Si le projectile frappe le corps du maxillaire sur toute son étendue et entraîne une perte de substance de la symphyse maxillaire, les dégâts sont assez étendus :

« Que le projectile passe encore un peu plus en avant, toujours en direction transversale, et nous aurons un autre type, également très commun, offrant lui aussi de grandes difficultés de traitement. La partie moyenne de l'arc horizontal est réduit en miettes et souvent détruite sur une étendue de deux ou trois travers de doigts. Les incisives, les canines sont brisées ou emportées ; la lèvre inférieure, les téguments du menton sont hachés et déchiquetés et leurs débris pendent misérablement éparpillés autour du foyer béant. La salive coule perpétuellement hors de la bouche ; la langue qui a perdu son attache antérieure, est attirée en arrière par ses muscles postérieurs. Elle tend à tomber dans le pharynx et à masquer l'orifice supérieur du larynx. ». (H.Morestin )

Le projectile possédant une trajectoire latérale, transfixiante transperce la face de part en part. On observe souvent une fracture de la branche horizontale mandibulaire, souvent bilatérale avec un délabrement de la région parotidienne, mais également de la région massétérienne et jugale.

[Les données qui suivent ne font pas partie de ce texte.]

lemma increment_bounded_off_open_set:
  fixes h :: "real \<Rightarrow> real"
  assumes "a \<le> b" "open U" "e > 0"
    and deriv: "\<And>t. t \<in> {a..b} \<Longrightarrow> t \<notin> U \<Longrightarrow> \<exists>D. (h has_real_derivative D) (at t) \<and> D \<le> 0"
  shows "increment_bounded_off h U e a b"
proof (rule real_interval_induct[OF \<open>a \<le> b\<close>])
  show "increment_bounded_off h U e a a"
    unfolding increment_bounded_off_def disjoint_intervals_def by (rule exI[of _ 0]) simp
next
  fix x assume x: "a \<le> x" "x < b" "increment_bounded_off h U e a x"
  show "\<exists>d>0. \<forall>y. x < y \<and> y < x + d \<longrightarrow> increment_bounded_off h U e a y"
  proof (cases "x \<in> U")
    case True
    then obtain d where "d > 0" "ball x d \<subseteq> U" using \<open>open U\<close> open_contains_ball by blast
    then have inside: "{x..y} \<subseteq> U" if "y < x + d" for y using that by (auto simp: dist_real_def)
    have "increment_bounded_off h U e a y" if "x < y" "y < x + d" for y
      by (rule increment_bounded_off_add_interval[OF x(3) _ x(1)])
        (use \<open>e > 0\<close> that inside[OF that(2)] in auto)
    then show ?thesis using \<open>d > 0\<close> by blast
  next
    case False
    moreover have "x \<in> {a..b}" using x by auto
    ultimately obtain D where D: "(h has_real_derivative D) (at x)" "D \<le> 0" using deriv by blast
    then obtain d where "d > 0" and d: "\<And>y. x \<le> y \<Longrightarrow> y < x + d \<Longrightarrow> h y - h x \<le> e * (y - x)"
      using DERIV_nonpos_local_increment_le[OF D \<open>e > 0\<close>] by metis
    have "increment_bounded_off h U e a y" if "x < y" "y < x + d" for y
      by (rule increment_bounded_off_extend[OF x(3)]) (use d that in auto)
    then show ?thesis using \<open>d > 0\<close> by blast
  qed
next
  fix x assume x: "a < x" "x \<le> b" and below: "\<And>y. a \<le> y \<Longrightarrow> y < x \<Longrightarrow> increment_bounded_off h U e a y"
  show "increment_bounded_off h U e a x"
  proof (cases "x \<in> U")
    case True
    then obtain d where "d > 0" "ball x d \<subseteq> U" using \<open>open U\<close> open_contains_ball by blast
    define y where "y = max a (x - d / 2)"
    have "{y..x} \<subseteq> U" using \<open>ball x d \<subseteq> U\<close> \<open>d > 0\<close> unfolding y_def by (auto simp: dist_real_def)
    moreover have "a \<le> y" "y < x" using x \<open>d > 0\<close> unfolding y_def by auto
    ultimately show ?thesis
      using increment_bounded_off_add_interval[of h U e a y x] below[of y] \<open>e > 0\<close> by simp
  next
    case False
    moreover have "x \<in> {a..b}" using x by auto
    ultimately obtain D where D: "(h has_real_derivative D) (at x)" "D \<le> 0" using deriv by blast
    then obtain d where "d > 0" and d: "\<And>y. x - d < y \<Longrightarrow> y \<le> x \<Longrightarrow> h x - h y \<le> e * (x - y)"
      using DERIV_nonpos_local_increment_le[OF D \<open>e > 0\<close>] by metis
    define y where "y = max a (x - d / 2)"
    have "a \<le> y" "y < x" "x - d < y" using x \<open>d > 0\<close> unfolding y_def by auto
    then show ?thesis using increment_bounded_off_extend[of h U e a y x] below[of y] d[of y] by simp
  qed
qed

lemma null_sets_lebesgue_open_cover:
  assumes "N \<in> null_sets lebesgue" "e > 0"
  obtains U :: "'a::euclidean_space set" where "open U" "N \<subseteq> U" "emeasure lebesgue U < ennreal e"
proof -
  obtain U where "open U" "N \<subseteq> U" "emeasure lebesgue (U - N) < ennreal e"
    using sets_lebesgue_outer_open[OF null_setsD2[OF assms(1)] assms(2)] by blast
  moreover have "emeasure lebesgue (U - N) = emeasure lebesgue U"
    using assms(1) \<open>open U\<close> by (intro emeasure_Diff_null_set) auto
  ultimately show ?thesis using that by simp
qed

J Prudhomme décrit bien le faciès caractéristique du blessé : « Généralement, aussi bien à l'orifice d'entrée qu'à l'orifice de sortie, on observe une fracture esquilleuse, s'étendant la plupart du temps jusqu'à l'angle de la mâchoire et s’accompagnant du côté de l'orifice de sortie d'un éclatement plus ou moins considérable de la joue. La bouche est ainsi traversée de part en part, avec ou sans déchirure de la langue, fracture ou non des bords alvéolaires et des dents. La physionomie du blessé est tout à fait caractéristique : le corps du maxillaire, détaché de ces deux branches montantes, pend en laissant la bouche béante, par lui s'écoule une salive très visqueuse mélangée de sang […] pour qui l'articulation des mots et la mastication sont devenues choses impossibles... »

Les traits de fracture ne sont pas réguliers et la perte de substance osseuse est assez rare dans cette zone. L'articulé dentaire est modifié. La glande parotide, le canal de Sténon, le nerf facial et le plexus artério-veineux sont souvent touchés également. On observe également souvent de larges communications entre la cavité buccale et les plaies.

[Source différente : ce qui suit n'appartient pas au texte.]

(* Let $D$ be a square-free integer, let $\mathbb{Z}[\sqrt{D}]$ denote the ring of integers of $\mathbb{Q}(\sqrt{D})$, and let $p$ be a prime integer which is irreducible but not prime in $\mathbb{Z}[\sqrt{D}]$. For any $z\in\mathbb{Z}[\sqrt{D}]$, we have $z\in I_p(D)$ if and only if the ideal $\langle p,z\rangle$ of $\mathbb{Z}[\sqrt{D}]$ is non-principal.
   Context: Here $\mathbb{Z}[\sqrt{D}]=\{a+b\sqrt{D}:a,b\in\mathbb{Z}\}$ if $D\equiv 2,3 \pmod 4$ and $\mathbb{Z}[\sqrt{D}]=\{\frac{a+b\sqrt{D}}{2}:a,b\in\mathbb{Z},\ a\equiv b \pmod 2\}$ if $D\equiv 1\pmod 4$. $\langle a_1,\dots,a_k\rangle$ denotes the ideal generated by $a_1,\dots,a_k$. $I_p(D)$ is the set of all non-unit $z\in\mathbb{Z}[\sqrt{D}]$ such that $z\notin\langle p\rangle$ but there exists $m\in\mathbb{Z}[\sqrt{D}]$ with $m\notin\langle p\rangle$ and $zm\in\langle p\rangle$. *)

theory Defs
  imports Complex_Main "HOL-Computational_Algebra.Squarefree"
begin

text \<open>The ring Z[sqrt D] (ring of integers of Q(sqrt D)), realised as a subring of the
complex numbers, with sqrt D the principal complex square root.\<close>

definition OK :: "int \<Rightarrow> complex set" where
  "OK D = (if D mod 4 = 1
     then {(of_int a + of_int b * csqrt (of_int D)) / 2 | a b. a mod 2 = b mod 2}
     else {of_int a + of_int b * csqrt (of_int D) | a b. True})"

definition dvd_in :: "int \<Rightarrow> complex \<Rightarrow> complex \<Rightarrow> bool" where
  "dvd_in D x y \<longleftrightarrow> (\<exists>k\<in>OK D. y = x * k)"

definition unit_in :: "int \<Rightarrow> complex \<Rightarrow> bool" where
  "unit_in D z \<longleftrightarrow> z \<in> OK D \<and> (\<exists>w\<in>OK D. z * w = 1)"

definition irreducible_in :: "int \<Rightarrow> complex \<Rightarrow> bool" where
  "irreducible_in D x \<longleftrightarrow> x \<in> OK D \<and> x \<noteq> 0 \<and> \<not> unit_in D x \<and>
     (\<forall>a\<in>OK D. \<forall>b\<in>OK D. x = a * b \<longrightarrow> unit_in D a \<or> unit_in D b)"

definition prime_in :: "int \<Rightarrow> complex \<Rightarrow> bool" where
  "prime_in D x \<longleftrightarrow> x \<in> OK D \<and> x \<noteq> 0 \<and> \<not> unit_in D x \<and>
     (\<forall>a\<in>OK D. \<forall>b\<in>OK D. dvd_in D x (a * b) \<longrightarrow> dvd_in D x a \<or> dvd_in D x b)"

definition ideal1 :: "int \<Rightarrow> complex \<Rightarrow> complex set" where
  "ideal1 D g = {g * x | x. x \<in> OK D}"

definition ideal2 :: "int \<Rightarrow> complex \<Rightarrow> complex \<Rightarrow> complex set" where
  "ideal2 D a b = {a * x + b * y | x y. x \<in> OK D \<and> y \<in> OK D}"

definition principal_in :: "int \<Rightarrow> complex set \<Rightarrow> bool" where
  "principal_in D I \<longleftrightarrow> (\<exists>g\<in>OK D. I = ideal1 D g)"

definition Ip :: "int \<Rightarrow> int \<Rightarrow> complex set" where
  "Ip p D = {z \<in> OK D. \<not> unit_in D z \<and> z \<notin> ideal1 D (of_int p) \<and>
     (\<exists>m\<in>OK D. m \<notin> ideal1 D (of_int p) \<and> z * m \<in> ideal1 D (of_int p))}"

end

theory Submission
  imports Defs
begin

text \<open>Since p is irreducible, a generator g of a principal ideal <p,z> divides p, so it is
either an associate of p or a unit; hence <p,z> is principal exactly when z \<in> <p> or
1 \<in> <p,z>. It remains to see that z is a zero divisor modulo p exactly when neither happens.
If 1 = pa + zb, then zm \<in> <p> forces m = pam + zmb \<in> <p>. If 1 \<notin> <p,z>, then by Bezout
the rational integers in <p,z> are multiples of p, and the conjugate z' of z is the
witness: z z' and z + z' are rational integers in <p,z>, so z z' \<in> <p>, and z' \<in> <p>
would give z \<in> <p>.\<close>

definition omega :: "int \<Rightarrow> complex" where
  "omega D = (if D mod 4 = 1 then (1 + csqrt (of_int D)) / 2 else csqrt (of_int D))"

lemma omega_quadratic: "\<exists>t n :: int. omega D * omega D = of_int t * omega D + of_int n"
proof (cases "D mod 4 = 1")
  case True
  then obtain k where k: "D = 1 + 4 * k" by (metis add.commute div_mod_decomp_int mult.commute)
  have "csqrt (of_int D) * csqrt (of_int D) = (of_int D :: complex)"
    using power2_csqrt[of "of_int D"] by (simp add: power2_eq_square)
  then have "omega D * omega D = omega D + of_int k"
    using True k by (simp add: omega_def field_simps)
  then show ?thesis by (metis mult_1 of_int_1)
next
  case False
  then have "omega D * omega D = of_int 0 * omega D + of_int D"
    using power2_csqrt[of "of_int D"] by (simp add: omega_def power2_eq_square)
  then show ?thesis by blast
qed

lemma OK_eq: "OK D = {of_int x + of_int y * omega D | x y. True}"
proof (cases "D mod 4 = 1")
  case True
  show ?thesis
  proof (intro set_eqI iffI)
    fix z assume "z \<in> OK D"
    then obtain a b where z: "z = (of_int a + of_int b * csqrt (of_int D)) / 2"
      and "a mod 2 = b mod 2"
      using True by (auto simp: OK_def)
    then have "a = 2 * ((a - b) div 2) + b" by presburger
    then have "(of_int a :: complex) = 2 * of_int ((a - b) div 2) + of_int b"
      by (metis of_int_add of_int_mult of_int_numeral)
    then have "z = of_int ((a - b) div 2) + of_int b * omega D"
      using z True by (simp add: omega_def field_simps)
    then show "z \<in> {of_int x + of_int y * omega D | x y. True}" by blast
  next
    fix z assume "z \<in> {of_int x + of_int y * omega D | x y. True}"
    then obtain x y where "z = of_int x + of_int y * omega D" by blast
    then have "z = (of_int (2 * x + y) + of_int y * csqrt (of_int D)) / 2"
      using True by (simp add: omega_def field_simps)
    moreover have "(2 * x + y) mod 2 = y mod 2" by presburger
    ultimately show "z \<in> OK D" using True unfolding OK_def by (simp only: if_P) blast
  qed
next
  case False
  then show ?thesis by (simp add: OK_def omega_def)
qed

lemma OK_elim:
  assumes "z \<in> OK D"
  obtains x y where "z = of_int x + of_int y * omega D"
  using assms unfolding OK_eq by blast

lemma OK_intro: "of_int x + of_int y * omega D \<in> OK D"
  unfolding OK_eq by blast

lemma OK_of_int [simp]: "of_int n \<in> OK D"
  using OK_intro[of n 0 D] by simp

lemma OK_0 [simp]: "0 \<in> OK D" and OK_1 [simp]: "1 \<in> OK D"
  using OK_of_int[of 0 D] OK_of_int[of 1 D] by simp_all

lemma OK_add: "a \<in> OK D \<Longrightarrow> b \<in> OK D \<Longrightarrow> a + b \<in> OK D"
proof (elim OK_elim)
  fix x y u v
  assume "a = of_int x + of_int y * omega D" "b = of_int u + of_int v * omega D"
  then have "a + b = of_int (x + u) + of_int (y + v) * omega D"
    by (simp add: algebra_simps)
  then show "a + b \<in> OK D" by (simp only: OK_intro)
qed

lemma OK_diff: "a \<in> OK D \<Longrightarrow> b \<in> OK D \<Longrightarrow> a - b \<in> OK D"
proof (elim OK_elim)
  fix x y u v
  assume "a = of_int x + of_int y * omega D" "b = of_int u + of_int v * omega D"
  then have "a - b = of_int (x - u) + of_int (y - v) * omega D"
    by (simp add: algebra_simps)
  then show "a - b \<in> OK D" by (simp only: OK_intro)
qed

lemma OK_mult: "a \<in> OK D \<Longrightarrow> b \<in> OK D \<Longrightarrow> a * b \<in> OK D"
proof (elim OK_elim)
  fix x y u v
  assume ab: "a = of_int x + of_int y * omega D" "b = of_int u + of_int v * omega D"
  obtain t n where tn: "omega D * omega D = of_int t * omega D + of_int n"
    using omega_quadratic by blast
  have "a * b = of_int x * of_int u + (of_int x * of_int v + of_int y * of_int u) * omega D
      + of_int y * of_int v * (omega D * omega D)"
    unfolding ab by (simp add: algebra_simps)
  also have "\<dots> = of_int (x * u + y * v * n) + of_int (x * v + y * u + y * v * t) * omega D"
    unfolding tn by (simp add: algebra_simps)
  finally show "a * b \<in> OK D" by (simp only: OK_intro)
qed

text \<open>T - z is the conjugate of z, T its trace and N its norm.\<close>

lemma OK_conjugate:
  assumes "z \<in> OK D"
  obtains T N :: int where "z * (of_int T - z) = of_int N"
proof -
  obtain x y where z: "z = of_int x + of_int y * omega D"
    using assms by (rule OK_elim)
  obtain t n where tn: "omega D * omega D = of_int t * omega D + of_int n"
    using omega_quadratic by blast
  have "z * (of_int (2 * x + y * t) - z)
      = of_int x * of_int x + of_int x * of_int y * of_int t
        + of_int y * of_int y * (of_int t * omega D - omega D * omega D)"
    unfolding z by (simp add: algebra_simps)
  also have "\<dots> = of_int (x * x + x * y * t - n * y * y)"
    unfolding tn by (simp add: algebra_simps)
  finally show ?thesis by (rule that)
qed

lemma ideal1_memI: "x \<in> OK D \<Longrightarrow> a * x \<in> ideal1 D a"
  unfolding ideal1_def by blast

lemma ideal2_memI: "x \<in> OK D \<Longrightarrow> y \<in> OK D \<Longrightarrow> a * x + b * y \<in> ideal2 D a b"
  unfolding ideal2_def by blast

lemma left_mem_ideal2: "a \<in> ideal2 D a b"
  using ideal2_memI[of 1 D 0 a b] by simp

lemma right_mem_ideal2: "b \<in> ideal2 D a b"
  using ideal2_memI[of 0 D 1 a b] by simp

lemma ideal2_eq_ideal1_if_mem:
  assumes "b \<in> ideal1 D a"
  shows "ideal2 D a b = ideal1 D a"
proof -
  obtain w where w: "w \<in> OK D" "b = a * w"
    using assms unfolding ideal1_def by blast
  have "a * x + b * y = a * (x + w * y)" for x y
    using w(2) by (simp add: algebra_simps)
  moreover have "a * x = a * x + b * 0" for x
    by simp
  ultimately show ?thesis
    unfolding ideal1_def ideal2_def using w(1) OK_add OK_mult OK_0 by metis
qed

lemma ideal2_eq_ideal1_if_one_mem:
  assumes "a \<in> OK D" "b \<in> OK D" "1 \<in> ideal2 D a b"
  shows "ideal2 D a b = ideal1 D 1"
proof (intro set_eqI iffI)
  fix c assume "c \<in> ideal2 D a b"
  then have "c \<in> OK D"
    using assms(1,2) OK_add OK_mult unfolding ideal2_def by blast
  then show "c \<in> ideal1 D 1"
    using ideal1_memI[of c D 1] by simp
next
  fix c assume "c \<in> ideal1 D 1"
  then have c: "c \<in> OK D" unfolding ideal1_def by auto
  obtain x y where xy: "x \<in> OK D" "y \<in> OK D" "1 = a * x + b * y"
    using assms(3) unfolding ideal2_def by blast
  then have "c = a * (x * c) + b * (y * c)"
    by (metis distrib_right mult.assoc mult_1)
  then show "c \<in> ideal2 D a b"
    using ideal2_memI OK_mult c xy(1,2) by metis
qed

lemma principal_ideal2_iff:
  assumes "irreducible_in D a" "b \<in> OK D"
  shows "principal_in D (ideal2 D a b) \<longleftrightarrow> b \<in> ideal1 D a \<or> 1 \<in> ideal2 D a b"
proof
  assume "principal_in D (ideal2 D a b)"
  then obtain g where g: "g \<in> OK D" "ideal2 D a b = ideal1 D g"
    unfolding principal_in_def by blast
  obtain k where k: "k \<in> OK D" "a = g * k"
    using left_mem_ideal2[of a D b] g(2) unfolding ideal1_def by blast
  then consider "unit_in D g" | "unit_in D k"
    using assms(1) g(1) unfolding irreducible_in_def by blast
  then show "b \<in> ideal1 D a \<or> 1 \<in> ideal2 D a b"
  proof cases
    case 1
    then obtain v where "v \<in> OK D" "g * v = 1"
      unfolding unit_in_def by blast
    then show ?thesis
      using ideal1_memI g(2) by metis
  next
    case 2
    then obtain u where u: "u \<in> OK D" "k * u = 1"
      unfolding unit_in_def by blast
    obtain x where x: "x \<in> OK D" "b = g * x"
      using right_mem_ideal2[of b D a] g(2) unfolding ideal1_def by blast
    have "b = a * (u * x)"
      using k(2) u(2) x(2) by (metis mult.assoc mult.left_commute mult_1_right)
    then show ?thesis
      using ideal1_memI OK_mult u(1) x(1) by metis
  qed
next
  have "a \<in> OK D"
    using assms(1) unfolding irreducible_in_def by blast
  then show "b \<in> ideal1 D a \<or> 1 \<in> ideal2 D a b \<Longrightarrow> principal_in D (ideal2 D a b)"
    using ideal2_eq_ideal1_if_mem ideal2_eq_ideal1_if_one_mem assms(2) OK_1
    unfolding principal_in_def by metis
qed

lemma mem_ideal1_if_one_mem_ideal2:
  assumes "1 \<in> ideal2 D a b" "m \<in> OK D" "b * m \<in> ideal1 D a"
  shows "m \<in> ideal1 D a"
proof -
  obtain x y where xy: "x \<in> OK D" "y \<in> OK D" "1 = a * x + b * y"
    using assms(1) unfolding ideal2_def by blast
  obtain c where c: "c \<in> OK D" "b * m = a * c"
    using assms(3) unfolding ideal1_def by blast
  have "m = a * (x * m + y * c)"
    using xy(3) c(2) by (metis distrib_left distrib_right mult.commute mult.left_commute mult_1)
  then show ?thesis
    using ideal1_memI OK_add OK_mult assms(2) xy(1,2) c(1) by metis
qed

lemma prime_dvd_if_of_int_mem_ideal2:
  assumes "prime p" "1 \<notin> ideal2 D (of_int p) z" "of_int n \<in> ideal2 D (of_int p) z"
  shows "p dvd n"
proof (rule ccontr)
  assume "\<not> p dvd n"
  then obtain u v where uv: "u * p + v * n = 1"
    using assms(1) prime_imp_coprime bezout_int coprime_iff_gcd_eq_1 by metis
  obtain x y where xy: "x \<in> OK D" "y \<in> OK D" "of_int n = of_int p * x + z * y"
    using assms(3) unfolding ideal2_def by blast
  have "(1 :: complex) = of_int u * of_int p + of_int v * of_int n"
    using uv by (metis of_int_1 of_int_add of_int_mult)
  then have "1 = of_int p * (of_int u + of_int v * x) + z * (of_int v * y)"
    unfolding xy(3) by (simp add: algebra_simps)
  then show False
    using assms(2) ideal2_memI OK_add OK_mult OK_of_int xy(1,2) by metis
qed

lemma Ip_iff:
  assumes "prime p" "z \<in> OK D"
  shows "z \<in> Ip p D \<longleftrightarrow> z \<notin> ideal1 D (of_int p) \<and> 1 \<notin> ideal2 D (of_int p) z"
proof
  show "z \<in> Ip p D \<Longrightarrow> z \<notin> ideal1 D (of_int p) \<and> 1 \<notin> ideal2 D (of_int p) z"
    unfolding Ip_def using mem_ideal1_if_one_mem_ideal2 by blast
next
  let ?P = "of_int p :: complex"
  assume z: "z \<notin> ideal1 D ?P \<and> 1 \<notin> ideal2 D ?P z"
  have "\<not> unit_in D z"
    using z ideal2_memI[OF OK_0, of _ D ?P z] unfolding unit_in_def by fastforce
  obtain T N where TN: "z * (of_int T - z) = of_int N"
    using assms(2) by (rule OK_conjugate)
  define z' where "z' = of_int T - z"
  have z'_OK: "z' \<in> OK D"
    unfolding z'_def using OK_diff OK_of_int assms(2) by blast
  have "of_int N = ?P * 0 + z * z'"
    using TN unfolding z'_def by simp
  then have "of_int N \<in> ideal2 D ?P z"
    using ideal2_memI[OF OK_0 z'_OK] by metis
  then have "p dvd N"
    using prime_dvd_if_of_int_mem_ideal2[OF assms(1)] z by blast
  then obtain c where "N = p * c" by blast
  then have "z * z' \<in> ideal1 D ?P"
    using TN ideal1_memI[of "of_int c" D ?P] unfolding z'_def by simp
  moreover have "z' \<notin> ideal1 D ?P"
  proof
    assume "z' \<in> ideal1 D ?P"
    then obtain w where w: "w \<in> OK D" "z' = ?P * w"
      unfolding ideal1_def by blast
    then have "of_int T = ?P * w + z * 1"
      unfolding z'_def by (simp add: algebra_simps)
    then have "p dvd T"
      using prime_dvd_if_of_int_mem_ideal2[OF assms(1)] z ideal2_memI[OF w(1) OK_1] by metis
    then obtain e where "T = p * e" by blast
    then have "z = ?P * (of_int e - w)"
      using w(2) unfolding z'_def by (simp add: algebra_simps)
    then show False
      using z ideal1_memI OK_diff OK_of_int w(1) by metis
  qed
  ultimately show "z \<in> Ip p D"
    unfolding Ip_def using assms(2) z z'_OK \<open>\<not> unit_in D z\<close> by blast
qed

theorem proposition2p1:
  fixes D p :: int and z :: complex
  assumes "squarefree D"
    and "prime p"
    and "irreducible_in D (of_int p)"
    and "\<not> prime_in D (of_int p)"
    and "z \<in> OK D"
  shows "z \<in> Ip p D \<longleftrightarrow> \<not> principal_in D (ideal2 D (of_int p) z)"
  using Ip_iff[OF assms(2,5)] principal_ideal2_iff[OF assms(3,5)] by blast

end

Les fractures du condyle mandibulaire, uni ou bilatérales, sont également très fréquemment rencontrées. Les fractures se situent fréquemment au dessus du col du condyle et les lésions articulaires sont très rares. Les délabrements sont très limités et les pertes de substance sont rares. Les fractures mandibulaires dans leur ensemble entraînent souvent la perte de plusieurs dents.

Figure 45 : Fracture du maxillaire inférieur avant et après intervention. Moulage en cire réalisé dans le service du Dr Mazure, 1916, MSSA, MA, 1509 à 1509 bis. (illustration personnelle : photographie prise lors de l'exposition temporaire « Une armée qui soigne. Le Service de Santé des

Armées durant la Grande Guerre », du 1er Octobre 2014 au 4 Octobre 2015. Musée du Service de Santé des Armées).